After being appointed leader, Akhundzada secured a pledge of loyalty from Al Qaeda chief Ayman al-Zawahiri, who showered the religious scholar with praise – calling him ‘the emir of the faithful’.

This helped to seal his jihadi credentials with the group’s long-time allies. 

Akhundzada became head of the Taliban's council of religious scholars after the US invasion and is believed to be the author of many of its fatwas (Islamic legal rulings)

Akhundzada became head of the Taliban’s council of religious scholars after the US invasion and is believed to be the author of many of its fatwas (Islamic legal rulings)
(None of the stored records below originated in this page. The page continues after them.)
(* Let $K$ be a number field and let $(a,b,c)$ be a triplet of positive integers with $c=\mathrm{lcm}(a,b)\cdot t$ for some positive integer $t\mid\gcd(a,b)$. Then $(a,b,c)$ is irreducible (as an element of $\mathcal C_K$) if and only if it is one of $(1,1,1)$, $(1,p,p)$, $(p,1,p)$, $(p,p,p)$ for some prime $p$.
   Context: Extensions are finite and inside a fixed algebraic closure $\bar K$. A triplet $(a,b,c)$ of positive integers is compositum feasible over $K$ if there exist extensions $L/K$, $L'/K$ of degrees $a$ and $b$ whose compositum has degree $c$ over $K$; $\mathcal C_K$ is the set of such triplets (every triplet $(a,b,c)$ with $c=\mathrm{lcm}(a,b)t$, $t\mid\gcd(a,b)$, lies in $\mathcal C_K$ when $K$ is a number field). A triplet $(a,b,c)\in\mathcal C_K$ is reducible if $(a,b,c)=(a_1a_2,b_1b_2,c_1c_2)$ with $(a_1,b_1,c_1),(a_2,b_2,c_2)\in\mathcal C_K\setminus\{(1,1,1)\}$, and irreducible otherwise. *)

theory Defs
  imports Complex_Main "HOL-Computational_Algebra.Primes"
begin

text \<open>We work inside the fixed algebraic closure given by the complex numbers:
  every number field embeds into \<complex>, and the finite extensions of K inside an
  algebraic closure correspond to the subfields of \<complex> that are finite over K.\<close>

definition subfield_C :: "complex set \<Rightarrow> bool" where
  "subfield_C S \<longleftrightarrow> 0 \<in> S \<and> 1 \<in> S \<and>
     (\<forall>x\<in>S. \<forall>y\<in>S. x + y \<in> S \<and> x - y \<in> S \<and> x * y \<in> S) \<and>
     (\<forall>x\<in>S. x \<noteq> 0 \<longrightarrow> inverse x \<in> S)"

definition ext_degree :: "complex set \<Rightarrow> complex set \<Rightarrow> nat \<Rightarrow> bool" where
  "ext_degree K L n \<longleftrightarrow> subfield_C K \<and> subfield_C L \<and> K \<subseteq> L \<and>
     (\<exists>v :: nat \<Rightarrow> complex. (\<forall>i<n. v i \<in> L) \<and>
        (\<forall>x\<in>L. \<exists>c. (\<forall>i<n. c i \<in> K) \<and> x = (\<Sum>i<n. c i * v i)) \<and>
        (\<forall>c. (\<forall>i<n. c i \<in> K) \<and> (\<Sum>i<n. c i * v i) = 0 \<longrightarrow> (\<forall>i<n. c i = 0)))"

definition number_field :: "complex set \<Rightarrow> bool" where
  "number_field K \<longleftrightarrow> (\<exists>n. ext_degree (\<rat> :: complex set) K n)"

definition compositum :: "complex set \<Rightarrow> complex set \<Rightarrow> complex set" where
  "compositum L L' = \<Inter> {F. subfield_C F \<and> L \<union> L' \<subseteq> F}"

definition compositum_feasible :: "complex set \<Rightarrow> (nat \<times> nat \<times> nat) set" where
  "compositum_feasible K = {(a, b, c). \<exists>L L'. ext_degree K L a \<and> ext_degree K L' b \<and>
       ext_degree K (compositum L L') c}"

definition triplet_mult :: "nat \<times> nat \<times> nat \<Rightarrow> nat \<times> nat \<times> nat \<Rightarrow> nat \<times> nat \<times> nat" where
  "triplet_mult x y = (case x of (a1, b1, c1) \<Rightarrow> case y of (a2, b2, c2) \<Rightarrow> (a1 * a2, b1 * b2, c1 * c2))"

definition triplet_reducible :: "complex set \<Rightarrow> nat \<times> nat \<times> nat \<Rightarrow> bool" where
  "triplet_reducible K x \<longleftrightarrow> x \<in> compositum_feasible K \<and>
     (\<exists>y z. y \<in> compositum_feasible K - {(1, 1, 1)} \<and> z \<in> compositum_feasible K - {(1, 1, 1)} \<and>
            x = triplet_mult y z)"

definition triplet_irreducible :: "complex set \<Rightarrow> nat \<times> nat \<times> nat \<Rightarrow> bool" where
  "triplet_irreducible K x \<longleftrightarrow> x \<in> compositum_feasible K \<and> \<not> triplet_reducible K x"

end

theory Submission
  imports Defs "HOL-Algebra.Finite_Extensions" "HOL-Computational_Algebra.Fundamental_Theorem_Algebra"
begin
Akhundzada was tasked with the enormous challenge of unifying a militant movement that briefly fractured during a bitter power struggle following the assassination of his predecessor, and the revelation that the leadership had hid the death of Taliban founder Mullah Omar for years.

The leader’s public profile has been largely limited to the release of annual messages during Islamic holidays.  

Akhundzada was born around 1959 to a religious scholar in the Panjwayi district of Kandahar Province.

His family were forced to flee their home during the Soviet invasion and he joined the resistance as a young man.

He was one of the first new Taliban recruits in the 1990s and immediately impressed his superiors with his knowledge of Islamic law.

When the Taliban captured Afghanistan’s western Farah province, he was put in charge of fighting crime in the area.

As the Taliban seized more of the country, Akhunzad became head of the military court and deputy chief of its supreme court. 

After the US invasion in 2001 he became head of the Taliban’s council of religious scholars and is believed to be the author of many of its fatwas (Islamic legal rulings), including public executions of murderer and adulterers and cutting the hands off thieves. 

Before being named the new leader he had been preaching and teaching for around 15 years at a mosque in Kuchlak, a town in southwestern Pakistan, sources told Reuters.  

Sirajuddin Haqqani, the son of the famed commander from the anti-Soviet jihad

Sirajuddin doubles as both the deputy leader of the Taliban movement while also heading the powerful Haqqani network.

The Haqqani Network is a US-designated terror group that has long been viewed as one of the most dangerous factions fighting Afghan and US-led NATO forces in Afghanistan during the past two decades.

The group is infamous for its use of suicide bombers and is believed to have orchestrated some of the most high-profile attacks in Kabul over the years.

An FBI wanted poster for Sirajuddin Haqqani, the son of the famed commander from the anti-Soviet jihad

An FBI wanted poster for Sirajuddin Haqqani, the son of the famed commander from the anti-Soviet jihad

The network has also been accused of assassinating top Afghan officials and holding kidnapped Western citizens for ransom – including US soldier Bowe Bergdahl, released in 2014.

Known for their independence, fighting acumen, and savvy business dealings, the Haqqanis are believed to oversee operations in the rugged mountains of eastern Afghanistan, while holding considerable sway over the Taliban’s leadership council.

Mullah Yaqoob, the son of the Taliban’s founder

The son of the Taliban’s founder Mullah Omar.

Mullah Yaqoob heads the group’s powerful military commission, which oversees a vast network of field commanders charged with executing the insurgency’s strategic operations in the war.

His lineage and ties to his father – who enjoyed a cult-like status as the Taliban’s leader – serves as a potent symbol and makes him a unifying figure over a sprawling movement.

However speculation remains rife about Yaqoob’s exact role within the movement, with some analysts arguing that his appointment to the role in 2020 was merely cosmetic.